For large and complex systems of structs, it is often a good idea to split up
your code into smaller compilation units. You can do so using custom constructors.

For the Avro format, these must be a static function on your struct or class called
`from_avro` that take a `rfl::avro::Reader::InputVarType` as input and return
the class or the class wrapped in `rfl::Result`.

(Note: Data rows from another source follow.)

(* Let $T$ be a tree, let $f_t$ be a token-placement of $T$ with colors $\{1,2\}$ and let $f$ be a token-placement of $T$ with the same number of color-1 tokens as $f_t$. For an edge $e=xy$ of $T$, let $T(x)$ and $T(y)$ be the components of $T-e$ containing $x$ and $y$, and let $\mathrm{diff}_f(e)=\bigl|\,|\{v\in T(x): f(v)=1\}|-|\{v\in T(x): f_t(v)=1\}|\,\bigr|$. Let $D(f)=\sum_{e\in E(T)}\mathrm{diff}_f(e)$. If $D(f)\neq 0$, then there is an edge $uv$ of $T$ such that the token-placement $f'$ obtained from $f$ by swapping the tokens on $u$ and $v$ satisfies $D(f')=D(f)-1$.
   Context: A token-placement of a graph with color set $\{1,2\}$ is a surjective map from its vertex set to $\{1,2\}$. Swapping the tokens on adjacent vertices $u,v$ turns $f$ into $f'$ with $f'(u)=f(v)$, $f'(v)=f(u)$, $f'(w)=f(w)$ otherwise. Note $\mathrm{diff}_f(e)$ does not depend on which endpoint's side is used. *)

theory Defs
  imports Main
begin

definition simple_graph :: "'a set \<Rightarrow> ('a \<Rightarrow> 'a \<Rightarrow> bool) \<Rightarrow> bool" where
  "simple_graph V E \<longleftrightarrow> finite V \<and> (\<forall>x y. E x y \<longrightarrow> x \<in> V \<and> y \<in> V)
      \<and> (\<forall>x y. E x y \<longrightarrow> E y x) \<and> (\<forall>x. \<not> E x x)"

definition connected_graph :: "'a set \<Rightarrow> ('a \<Rightarrow> 'a \<Rightarrow> bool) \<Rightarrow> bool" where
  "connected_graph V E \<longleftrightarrow> (\<forall>x\<in>V. \<forall>y\<in>V. E\<^sup>*\<^sup>* x y)"

definition is_cycle :: "('a \<Rightarrow> 'a \<Rightarrow> bool) \<Rightarrow> 'a list \<Rightarrow> bool" where
  "is_cycle E cs \<longleftrightarrow> length cs \<ge> 3 \<and> distinct cs
      \<and> (\<forall>i. Suc i < length cs \<longrightarrow> E (cs ! i) (cs ! Suc i))
      \<and> E (last cs) (hd cs)"

definition is_tree :: "'a set \<Rightarrow> ('a \<Rightarrow> 'a \<Rightarrow> bool) \<Rightarrow> bool" where
  "is_tree V E \<longleftrightarrow> simple_graph V E \<and> V \<noteq> {} \<and> connected_graph V E
      \<and> (\<nexists>cs. is_cycle E cs)"

definition edges :: "('a \<Rightarrow> 'a \<Rightarrow> bool) \<Rightarrow> 'a set set" where
  "edges E = {{x, y} | x y. E x y}"

definition token_placement :: "'a set \<Rightarrow> ('a \<Rightarrow> nat) \<Rightarrow> bool" where
  "token_placement V f \<longleftrightarrow> f ` V = {1, 2}"

definition swap_tokens :: "('a \<Rightarrow> nat) \<Rightarrow> 'a \<Rightarrow> 'a \<Rightarrow> ('a \<Rightarrow> nat)" where
  "swap_tokens f u v = f(u := f v, v := f u)"

definition comp_minus_edge :: "'a set \<Rightarrow> ('a \<Rightarrow> 'a \<Rightarrow> bool) \<Rightarrow> 'a set \<Rightarrow> 'a \<Rightarrow> 'a set" where
  "comp_minus_edge V E e x = {v \<in> V. (\<lambda>a b. E a b \<and> {a, b} \<noteq> e)\<^sup>*\<^sup>* x v}"

definition ones_in :: "('a \<Rightarrow> nat) \<Rightarrow> 'a set \<Rightarrow> nat" where
  "ones_in f S = card {v \<in> S. f v = 1}"

text \<open>diff_f(e), computed from the side of an (arbitrarily chosen) endpoint x of e;
  by the standing remark this does not depend on the choice.\<close>
definition diff_edge :: "'a set \<Rightarrow> ('a \<Rightarrow> 'a \<Rightarrow> bool) \<Rightarrow> ('a \<Rightarrow> nat) \<Rightarrow> ('a \<Rightarrow> nat) \<Rightarrow> 'a set \<Rightarrow> int" where
  "diff_edge V E ft f e =
     (let x = (SOME x. x \<in> e); S = comp_minus_edge V E e x
      in \<bar>int (ones_in f S) - int (ones_in ft S)\<bar>)"

definition D_val :: "'a set \<Rightarrow> ('a \<Rightarrow> 'a \<Rightarrow> bool) \<Rightarrow> ('a \<Rightarrow> nat) \<Rightarrow> ('a \<Rightarrow> nat) \<Rightarrow> int" where
  "D_val V E ft f = (\<Sum>e\<in>edges E. diff_edge V E ft f e)"

end

theory Submission
  imports Defs
begin

text \<open>
  Write \<open>T(u,v)\<close> for the component of \<open>T - uv\<close> containing \<open>u\<close> and
  \<open>X(S)\<close> for the number of 1-tokens of \<open>f\<close> minus that of \<open>f\<^sub>t\<close> in \<open>S\<close>
  (\<open>side u v\<close> and \<open>excess ft f S\<close> below), so that
  \<open>diff\<^sub>f(uv) = |X(T(u,v))|\<close> and \<open>X(T(v,u)) = -X(T(u,v))\<close>. The set \<open>T(u,v)\<close> is
  \<open>u\<close> together with the disjoint sets \<open>T(w,u)\<close> for the other neighbours \<open>w\<close> of \<open>u\<close>.
  Hence an oriented edge \<open>(u,v)\<close> with \<open>X(T(u,v)) > 0\<close> and \<open>|T(u,v)|\<close> minimal has
  \<open>f(u) = 1\<close>, and among those with \<open>f(u) = 1\<close> one with \<open>|T(v,u)|\<close> minimal has
  \<open>f(v) = 2\<close>. Swapping the tokens on \<open>u\<close> and \<open>v\<close> then lowers \<open>diff\<^sub>f(uv)\<close> by one
  and leaves every other edge untouched, since \<open>u\<close> and \<open>v\<close> lie on the same side of it.
\<close>

definition walk :: "('a \<Rightarrow> 'a \<Rightarrow> bool) \<Rightarrow> 'a list \<Rightarrow> bool" where
  "walk R ps \<longleftrightarrow> (\<forall>i. Suc i < length ps \<longrightarrow> R (ps ! i) (ps ! Suc i))"

lemma rtranclp_imp_distinct_walk:
  assumes "R\<^sup>*\<^sup>* x y"
  shows "\<exists>ps. ps \<noteq> [] \<and> hd ps = x \<and> last ps = y \<and> distinct ps \<and> walk R ps"
  using assms
proof (induction rule: rtranclp_induct)
  case base
  show ?case by (rule exI[of _ "[x]"]) (simp add: walk_def)
next
  case (step y z)
  then obtain ps where ps: "ps \<noteq> []" "hd ps = x" "last ps = y" "distinct ps" "walk R ps"
    by blast
  show ?case
  proof (cases "z \<in> set ps")
    case True
    then obtain i where i: "i < length ps" "ps ! i = z" by (meson in_set_conv_nth)
    let ?qs = "take (Suc i) ps"
    have "?qs = take i ps @ [z]" using i by (simp add: take_Suc_conv_app_nth)
    then have "last ?qs = z" by simp
    moreover have "walk R ?qs" using ps(5) i unfolding walk_def by auto
    ultimately show ?thesis using ps by (intro exI[of _ ?qs]) (auto simp: hd_take)
  next
    case False
    have "walk R (ps @ [z])" unfolding walk_def
    proof (intro allI impI)
      fix j assume j: "Suc j < length (ps @ [z])"
      show "R ((ps @ [z]) ! j) ((ps @ [z]) ! Suc j)"
      proof (cases "Suc j < length ps")
        case True
        then show ?thesis using ps(5) by (simp add: walk_def nth_append)
      next
        case False
        then have "Suc j = length ps" using j by simp
        then have "j = length ps - 1" by simp
        then have "(ps @ [z]) ! j = y" "(ps @ [z]) ! Suc j = z"
          using ps(1,3) by (auto simp: nth_append last_conv_nth)
        then show ?thesis using step(2) by simp
      qed
    qed
    then show ?thesis using ps False by (intro exI[of _ "ps @ [z]"]) auto
  qed
qed

definition surplus :: "('a \<Rightarrow> nat) \<Rightarrow> ('a \<Rightarrow> nat) \<Rightarrow> 'a \<Rightarrow> int" where
  "surplus ft f x = of_bool (f x = 1) - of_bool (ft x = 1)"

definition excess :: "('a \<Rightarrow> nat) \<Rightarrow> ('a \<Rightarrow> nat) \<Rightarrow> 'a set \<Rightarrow> int" where
  "excess ft f S = (\<Sum>x\<in>S. surplus ft f x)"

lemma excess_eq_ones_in:
  assumes "finite S"
  shows "excess ft f S = int (ones_in f S) - int (ones_in ft S)"
proof -
  have "int (card {x\<in>S. P x}) = (\<Sum>x\<in>S. if P x then 1 else 0)" for P
    using assms by (simp add: sum.inter_filter[symmetric])
  then show ?thesis
    unfolding excess_def surplus_def ones_in_def of_bool_def by (simp add: sum_subtractf)
qed

lemma ones_in_swap_tokens_same_side:
  assumes "u \<noteq> v" "f u = 1" "f v = 2" "finite S" "u \<in> S \<longleftrightarrow> v \<in> S"
  shows "ones_in (swap_tokens f u v) S = ones_in f S"
proof (cases "u \<in> S")
  case True
  let ?B = "{x\<in>S. f x = 1}"
  have "{x\<in>S. swap_tokens f u v x = 1} = insert v (?B - {u})"
    using True assms by (auto simp: swap_tokens_def)
  moreover have "u \<in> ?B" "v \<notin> ?B - {u}" "finite ?B" using True assms by auto
  ultimately show ?thesis unfolding ones_in_def using card.remove[of ?B u] by simp
next
  case False
  then have "{x\<in>S. swap_tokens f u v x = 1} = {x\<in>S. f x = 1}"
    using assms by (auto simp: swap_tokens_def)
  then show ?thesis unfolding ones_in_def by simp
qed

lemma ones_in_swap_tokens_out:
  assumes "f u = 1" "f v = 2" "finite S" "u \<in> S" "v \<notin> S"
  shows "int (ones_in (swap_tokens f u v) S) = int (ones_in f S) - 1"
proof -
  let ?B = "{x\<in>S. f x = 1}"
  have "{x\<in>S. swap_tokens f u v x = 1} = ?B - {u}"
    using assms by (auto simp: swap_tokens_def)
  moreover have "u \<in> ?B" "finite ?B" using assms by auto
  ultimately show ?thesis unfolding ones_in_def using card.remove[of ?B u] by simp
qed

locale tree_graph =
  fixes V :: "'a set" and E :: "'a \<Rightarrow> 'a \<Rightarrow> bool"
  assumes tree: "is_tree V E"
begin

lemma finite_V: "finite V"
  using tree unfolding is_tree_def simple_graph_def by blast

lemma E_sym: "E x y \<Longrightarrow> E y x"
  using tree unfolding is_tree_def simple_graph_def by blast

lemma E_in_V: "E x y \<Longrightarrow> x \<in> V \<and> y \<in> V"
  using tree unfolding is_tree_def simple_graph_def by blast

lemma E_irrefl: "\<not> E x x"
  using tree unfolding is_tree_def simple_graph_def by blast

lemma E_connected: "x \<in> V \<Longrightarrow> y \<in> V \<Longrightarrow> E\<^sup>*\<^sup>* x y"
  using tree unfolding is_tree_def connected_graph_def by blast

lemma no_cycle: "\<not> is_cycle E cs"
  using tree unfolding is_tree_def by blast

abbreviation E_minus :: "'a set \<Rightarrow> 'a \<Rightarrow> 'a \<Rightarrow> bool" where
  "E_minus e \<equiv> \<lambda>a b. E a b \<and> {a, b} \<noteq> e"

definition side :: "'a \<Rightarrow> 'a \<Rightarrow> 'a set" where
  "side u v = comp_minus_edge V E {u, v} u"

lemma E_minus_rtranclp_sym: "(E_minus e)\<^sup>*\<^sup>* a b \<Longrightarrow> (E_minus e)\<^sup>*\<^sup>* b a"
proof (induction rule: rtranclp_induct)
  case (step y z)
  have "E_minus e z y" using step(2) E_sym by (auto simp: insert_commute)
  then show ?case using step(3) by (rule converse_rtranclp_into_rtranclp)
qed simp

text \<open>A path avoiding the edge \<open>e\<close> from a vertex that cannot reach \<open>c\<close> this way
  never uses an edge at \<open>c\<close>, so it avoids any edge \<open>e'\<close> at \<open>c\<close> as well.\<close>
lemma E_minus_rtranclp_change_edge:
  assumes "(E_minus e)\<^sup>*\<^sup>* a x" "\<not> (E_minus e)\<^sup>*\<^sup>* a c" "c \<in> e'"
  shows "(E_minus e')\<^sup>*\<^sup>* a x"
  using assms(1)
proof (induction rule: rtranclp_induct)
  case (step y z)
  have "(E_minus e)\<^sup>*\<^sup>* a z" using step(1,2) by (rule rtranclp.rtrancl_into_rtrancl)
  then have "{y, z} \<noteq> e'" using step(1) assms(2,3) by auto
  then have "E_minus e' y z" using step(2) by simp
  with step(3) show ?case by (rule rtranclp.rtrancl_into_rtrancl)
qed simp

lemma edge_separates:
  assumes "E u v"
  shows "\<not> (E_minus {u, v})\<^sup>*\<^sup>* u v"
proof
  assume "(E_minus {u, v})\<^sup>*\<^sup>* u v"
  from rtranclp_imp_distinct_walk[OF this] obtain ps
    where ps: "ps \<noteq> []" "hd ps = u" "last ps = v" "distinct ps"
    and walk: "walk (E_minus {u, v}) ps"
    by blast
  have "u \<noteq> v" using assms E_irrefl by blast
  have "length ps \<noteq> 1"
  proof
    assume "length ps = 1"
    then obtain p where "ps = [p]" by (metis One_nat_def length_0_conv length_Suc_conv)
    then show False using ps(2,3) \<open>u \<noteq> v\<close> by simp
  qed
  moreover have "length ps \<noteq> 2"
  proof
    assume len: "length ps = 2"
    have "ps ! 0 = u" using ps(1,2) by (simp add: hd_conv_nth)
    moreover have "ps ! 1 = v" using ps(1,3) len by (simp add: last_conv_nth)
    moreover have "E_minus {u, v} (ps ! 0) (ps ! Suc 0)" using walk len unfolding walk_def by auto
    ultimately show False by simp
  qed
  moreover have "length ps \<noteq> 0" using ps(1) by simp
  ultimately have "length ps \<ge> 3" by linarith
  moreover have "E (last ps) (hd ps)" using ps assms E_sym by simp
  ultimately have "is_cycle E ps" using walk ps(4) unfolding is_cycle_def walk_def by simp
  then show False using no_cycle by blast
qed

lemma finite_comp_minus_edge: "finite (comp_minus_edge V E e x)"
  unfolding comp_minus_edge_def using finite_V by simp

lemma finite_side: "finite (side u v)"
  unfolding side_def by (rule finite_comp_minus_edge)

lemma side_subset: "side u v \<subseteq> V"
  unfolding side_def comp_minus_edge_def by auto

lemma self_in_side: "E u v \<Longrightarrow> u \<in> side u v"
  unfolding side_def comp_minus_edge_def using E_in_V by auto

lemma other_notin_side: "E u v \<Longrightarrow> v \<notin> side u v"
  unfolding side_def comp_minus_edge_def using edge_separates by auto
text \<open>Coordinate faces are faces: they are cut out by the supporting hyperplane on which the
  (nonnegative) sum of the coordinates outside T vanishes.\<close>
lemma coord_face_face_of:
  fixes e :: "nat \<times> nat \<Rightarrow> 'c::finite"
  shows "coord_face n e T face_of prod_simplex n e"
proof -
  define h :: "real^'c" where "h = (\<Sum>p\<in>simplex_index n - T. axis (e p) 1)"
  have h_inner: "h \<bullet> x = (\<Sum>p\<in>simplex_index n - T. x $ e p)" for x
  proof -
    have "h \<bullet> x = (\<Sum>p\<in>simplex_index n - T. x \<bullet> axis (e p) 1)"
      unfolding h_def by (simp add: inner_commute inner_sum_right)
    then show ?thesis by (simp add: cart_eq_inner_axis)
  qed
  have nonneg: "0 \<le> h \<bullet> x" if "x \<in> prod_simplex n e" for x
    using that unfolding h_inner prod_simplex_def by (auto intro!: sum_nonneg)
  have "(\<Sum>p\<in>simplex_index n - T. x $ e p) = 0 \<longleftrightarrow> (\<forall>p\<in>simplex_index n - T. x $ e p = 0)"
    if "x \<in> prod_simplex n e" for x
    using that finite_simplex_index unfolding prod_simplex_def
    by (subst sum_nonneg_eq_0_iff) auto
  then have "coord_face n e T = prod_simplex n e \<inter> {x. h \<bullet> x = 0}"
    unfolding coord_face_def h_inner by auto
  then show ?thesis
    using face_of_Int_supporting_hyperplane_ge[OF convex_prod_simplex nonneg] by simp
qed

context
  fixes n :: "nat list" and e :: "nat \<times> nat \<Rightarrow> 'c::finite"
  assumes inj: "inj_on e (simplex_index n)"
begin

lemma simplex_vertex_coord:
  assumes \<sigma>: "selection n \<sigma>" and ij: "(i, j) \<in> simplex_index n"
  shows "simplex_vertex n e \<sigma> $ e (i, j) = (if j = \<sigma> i then 1 else 0)"
proof -
  have "(\<exists>l<length n. e (i, j) = e (l, \<sigma> l)) \<longleftrightarrow> j = \<sigma> i"
  proof
    assume "\<exists>l<length n. e (i, j) = e (l, \<sigma> l)"
    then obtain l where l: "l < length n" "e (i, j) = e (l, \<sigma> l)" by blast
    have "(l, \<sigma> l) \<in> simplex_index n"
      using l \<sigma> by (simp add: selection_def simplex_index_def)
    then show "j = \<sigma> i" using inj_onD[OF inj l(2) ij] by simp
  next
    assume "j = \<sigma> i"
    then show "\<exists>l<length n. e (i, j) = e (l, \<sigma> l)" using ij by (auto simp: simplex_index_def)
  qed
  then show ?thesis by (simp add: simplex_vertex_def)
qed

lemma simplex_vertex_outside:
  assumes "selection n \<sigma>" "c \<notin> e ` simplex_index n"
  shows "simplex_vertex n e \<sigma> $ c = 0"
  using assms by (auto simp: simplex_vertex_def selection_def simplex_index_def)

lemma simplex_vertex_mem:
  assumes \<sigma>: "selection n \<sigma>"
  shows "simplex_vertex n e \<sigma> \<in> prod_simplex n e"
proof -
  have "(\<Sum>j\<le>n ! i. simplex_vertex n e \<sigma> $ e (i, j)) = 1" if i: "i < length n" for i
  proof -
    have "(\<Sum>j\<le>n ! i. simplex_vertex n e \<sigma> $ e (i, j)) = (\<Sum>j\<le>n ! i. if j = \<sigma> i then 1 else 0)"
      using i by (intro sum.cong) (auto simp: simplex_vertex_coord[OF \<sigma>] simplex_index_def)
    also have "\<dots> = 1" using \<sigma> i by (simp add: selection_def)
    finally show ?thesis .
  qed
  moreover have "0 \<le> simplex_vertex n e \<sigma> $ c" for c by (simp add: simplex_vertex_def)
  ultimately show ?thesis
    using simplex_vertex_outside[OF \<sigma>] unfolding prod_simplex_def by auto
qed

lemma simplex_vertex_in_coord_face:
  assumes \<sigma>: "selection n \<sigma>"
  shows "simplex_vertex n e \<sigma> \<in> coord_face n e T \<longleftrightarrow> (\<forall>i<length n. (i, \<sigma> i) \<in> T)"
proof -
  have "(\<forall>p\<in>simplex_index n - T. simplex_vertex n e \<sigma> $ e p = 0) \<longleftrightarrow> (\<forall>i<length n. (i, \<sigma> i) \<in> T)"
  proof
    assume zero: "\<forall>p\<in>simplex_index n - T. simplex_vertex n e \<sigma> $ e p = 0"
    show "\<forall>i<length n. (i, \<sigma> i) \<in> T"
    proof (intro allI impI)
      fix i assume i: "i < length n"
      have "(i, \<sigma> i) \<in> simplex_index n" using i \<sigma> by (simp add: selection_def simplex_index_def)
      then show "(i, \<sigma> i) \<in> T"
        using zero simplex_vertex_coord[OF \<sigma>, of i "\<sigma> i"] by (metis DiffI zero_neq_one)
    qed
  next
    assume T: "\<forall>i<length n. (i, \<sigma> i) \<in> T"
    show "\<forall>p\<in>simplex_index n - T. simplex_vertex n e \<sigma> $ e p = 0"
    proof
      fix p assume p: "p \<in> simplex_index n - T"
      obtain i j where p_ij: "p = (i, j)" by force
      have "j \<noteq> \<sigma> i" using T p p_ij by (auto simp: simplex_index_def)
      then show "simplex_vertex n e \<sigma> $ e p = 0" using simplex_vertex_coord[OF \<sigma>, of i j] p p_ij by auto
    qed
  qed
  then show ?thesis using simplex_vertex_mem[OF \<sigma>] by (simp add: coord_face_def)
qed

lemma simplex_vertex_eq:
  assumes \<sigma>: "selection n \<sigma>" and \<tau>: "selection n \<tau>"
    and eq: "simplex_vertex n e \<sigma> = simplex_vertex n e \<tau>" and i: "i < length n"
  shows "\<sigma> i = \<tau> i"
proof -
  have "(i, \<sigma> i) \<in> simplex_index n" using \<sigma> i by (simp add: selection_def simplex_index_def)
  then show ?thesis
    using simplex_vertex_coord[OF \<sigma>] simplex_vertex_coord[OF \<tau>] eq by (metis zero_neq_one)
qed

text \<open>Every vertex of the model is a face, the one cut out by the coordinates it selects.\<close>
lemma simplex_vertex_singleton_face:
  assumes \<sigma>: "selection n \<sigma>"
  shows "{simplex_vertex n e \<sigma>} face_of prod_simplex n e"
proof -
  define T where "T = {(i, \<sigma> i) | i. i < length n}"
  have sub: "coord_face n e T \<subseteq> {simplex_vertex n e \<sigma>}"
  proof
    fix x assume x: "x \<in> coord_face n e T"
    have x_simplex: "x \<in> prod_simplex n e" using x by (simp add: coord_face_def)
    have x_zero: "x $ e (i, j) = 0" if "(i, j) \<in> simplex_index n" "j \<noteq> \<sigma> i" for i j
      using x that by (auto simp: coord_face_def T_def)
    have x_one: "x $ e (i, \<sigma> i) = 1" if i: "i < length n" for i
    proof -
      have "1 = (\<Sum>j\<le>n ! i. x $ e (i, j))" using x_simplex i by (simp add: prod_simplex_def)
      also have "\<dots> = (\<Sum>j\<le>n ! i. if j = \<sigma> i then x $ e (i, j) else 0)"
        using i x_zero by (intro sum.cong) (auto simp: simplex_index_def)
      finally show ?thesis using \<sigma> i by (simp add: selection_def)
    qed
    have "x $ c = simplex_vertex n e \<sigma> $ c" for c
    proof (cases "c \<in> e ` simplex_index n")
      case True
      then obtain i j where ij: "(i, j) \<in> simplex_index n" "c = e (i, j)" by force
      have i: "i < length n" using ij(1) by (simp add: simplex_index_def)
      show ?thesis
        using x_zero[OF ij(1)] x_one[OF i] simplex_vertex_coord[OF \<sigma> ij(1)] ij(2)
        by (cases "j = \<sigma> i") simp_all
    qed (use x_simplex simplex_vertex_outside[OF \<sigma>] in \<open>simp add: prod_simplex_def\<close>)
    then show "x \<in> {simplex_vertex n e \<sigma>}" by (simp add: vec_eq_iff)
  qed
  moreover have "simplex_vertex n e \<sigma> \<in> coord_face n e T"
    using simplex_vertex_in_coord_face[OF \<sigma>] by (auto simp: T_def)
  ultimately have "coord_face n e T = {simplex_vertex n e \<sigma>}" by blast
  then show ?thesis using coord_face_face_of[of n e T] by simp
qed

end

definition nonzero_index :: "nat list \<Rightarrow> (nat \<times> nat) set" where
  "nonzero_index n = {(i, j) \<in> simplex_index n. 1 \<le> j}"

definition zero_index :: "nat list \<Rightarrow> (nat \<times> nat) set" where
  "zero_index n = {(i, 0) | i. i < length n}"

definition unit_selection :: "nat \<times> nat \<Rightarrow> nat \<Rightarrow> nat" where
  "unit_selection q = (\<lambda>_. 0)(fst q := snd q)"

definition frame_selections :: "nat list \<Rightarrow> (nat \<Rightarrow> nat) set" where
  "frame_selections n = insert (\<lambda>_. 0) (unit_selection ` nonzero_index n)"

lemma finite_nonzero_index: "finite (nonzero_index n)"
  by (rule finite_subset[OF _ finite_simplex_index]) (auto simp: nonzero_index_def)

lemma card_nonzero_index: "card (nonzero_index n) = sum_list n"
proof -
  have "nonzero_index n = Sigma {..<length n} (\<lambda>i. {1..n ! i})"
    by (auto simp: nonzero_index_def simplex_index_def)
  then have "card (nonzero_index n) = (\<Sum>i<length n. n ! i)" by (simp add: card_SigmaI)
  then show ?thesis by (simp add: sum_list_sum_nth atLeast0LessThan)
qed

lemma finite_frame_selections: "finite (frame_selections n)"
  using finite_nonzero_index by (simp add: frame_selections_def)

lemma selection_frame: "\<sigma> \<in> frame_selections n \<Longrightarrow> selection n \<sigma>"
  by (auto simp: frame_selections_def selection_def unit_selection_def nonzero_index_def
      simplex_index_def)

lemma frame_selection_beyond: "\<sigma> \<in> frame_selections n \<Longrightarrow> length n \<le> i \<Longrightarrow> \<sigma> i = 0"
  by (auto simp: frame_selections_def unit_selection_def nonzero_index_def simplex_index_def)

lemma card_frame_selections: "card (frame_selections n) = Suc (sum_list n)"
proof -
  have "inj_on unit_selection (nonzero_index n)"
  proof
    fix q r assume q: "q \<in> nonzero_index n" and r: "r \<in> nonzero_index n"
      and eq: "unit_selection q = unit_selection r"
    have "snd q = unit_selection r (fst q)" using fun_cong[OF eq, of "fst q"] by (simp add: unit_selection_def)
    moreover have "snd r = unit_selection q (fst r)" using fun_cong[OF eq, of "fst r"] by (simp add: unit_selection_def)
    ultimately show "q = r"
      using q r by (cases q; cases r) (auto simp: unit_selection_def nonzero_index_def split: if_splits)
  qed
  moreover have "(\<lambda>_. 0) \<notin> unit_selection ` nonzero_index n"
  proof
    assume "(\<lambda>_. 0) \<in> unit_selection ` nonzero_index n"
    then obtain q where q: "q \<in> nonzero_index n" "unit_selection q = (\<lambda>_. 0)" by force
    have "snd q = unit_selection q (fst q)" by (simp add: unit_selection_def)
    then show False using q by (simp add: nonzero_index_def split_beta)
  qed
  ultimately show ?thesis
    using finite_nonzero_index by (simp add: frame_selections_def card_image card_nonzero_index)
qed

context
  fixes n :: "nat list" and e :: "nat \<times> nat \<Rightarrow> 'c::finite"
  assumes inj: "inj_on e (simplex_index n)"
begin

text \<open>Frame selections vanish outside the blocks, so they are determined by their vertices.\<close>
lemma inj_on_frame_vertex: "inj_on (simplex_vertex n e) (frame_selections n)"
proof
  fix \<sigma> \<tau> assume \<sigma>: "\<sigma> \<in> frame_selections n" and \<tau>: "\<tau> \<in> frame_selections n"
    and eq: "simplex_vertex n e \<sigma> = simplex_vertex n e \<tau>"
  have "\<sigma> i = \<tau> i" for i
  proof (cases "i < length n")
    case True
    then show ?thesis using simplex_vertex_eq[OF inj selection_frame[OF \<sigma>] selection_frame[OF \<tau>] eq] by blast
  qed (simp add: frame_selection_beyond[OF \<sigma>] frame_selection_beyond[OF \<tau>])
  then show "\<sigma> = \<tau>" by blast
qed

text \<open>Frame vertices are 0-dimensional faces, hence in every skeleton.\<close>
lemma frame_vertex_skeleton:
  "\<sigma> \<in> frame_selections n \<Longrightarrow> {simplex_vertex n e \<sigma>} \<in> skeleton k (prod_simplex n e)"
  using simplex_vertex_singleton_face[OF inj selection_frame] by (simp add: skeleton_def)

lemma zero_vertex_in_coord_face:
  "simplex_vertex n e (\<lambda>_. 0) \<in> coord_face n e (zero_index n \<union> X)"
  using simplex_vertex_in_coord_face[OF inj, of "\<lambda>_. 0"] by (simp add: selection_def zero_index_def)

lemma unit_vertex_in_coord_face:
  assumes q: "q \<in> nonzero_index n"
  shows "simplex_vertex n e (unit_selection q) \<in> coord_face n e (zero_index n \<union> X) \<longleftrightarrow> q \<in> X"
proof -
  have "fst q < length n" "1 \<le> snd q" using q by (auto simp: nonzero_index_def simplex_index_def)
  moreover have "selection n (unit_selection q)"
    using q by (simp add: selection_frame frame_selections_def)
  ultimately show ?thesis
    by (cases q) (auto simp: simplex_vertex_in_coord_face[OF inj] unit_selection_def zero_index_def)
qed

lemma unit_vertex_step_coord:
  assumes q: "q \<in> nonzero_index n" and ij: "(i, j) \<in> simplex_index n"
  shows "(simplex_vertex n e (unit_selection q) - simplex_vertex n e (\<lambda>_. 0)) $ e (i, j)
    = (if q = (i, j) then 1 else 0) - (if j = 0 \<and> fst q = i then 1 else 0)"
proof -
  have "selection n (unit_selection q)" "selection n (\<lambda>_. 0)"
    using q by (simp_all add: selection_frame frame_selections_def)
  moreover have "1 \<le> snd q" using q by (auto simp: nonzero_index_def)
  ultimately show ?thesis
    by (cases q) (auto simp: simplex_vertex_coord[OF inj _ ij] unit_selection_def)
qed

In your header file you can write something like this:

```cpp
struct Person {
    rfl::Rename<"firstName", std::string> first_name;
    rfl::Rename<"lastName", std::string> last_name;
    rfl::Timestamp<"%Y-%m-%d"> birthday;

    using InputVarType = typename rfl::avro::Reader::InputVarType;
    static rfl::Result<Person> from_avro(const InputVarType& _obj);
};
```

And in your source file, you implement `from_avro` as follows:

```cpp
rfl::Result<Person> Person::from_avro(const InputVarType& _obj) {
    const auto from_nt = [](auto&& _nt) {
        return rfl::from_named_tuple<Person>(std::move(_nt));
    };
    return rfl::avro::read<rfl::named_tuple_t<Person>>(_obj)
        .transform(from_nt);
}
```

This will force the compiler to only compile the Avro parsing when the source file is compiled.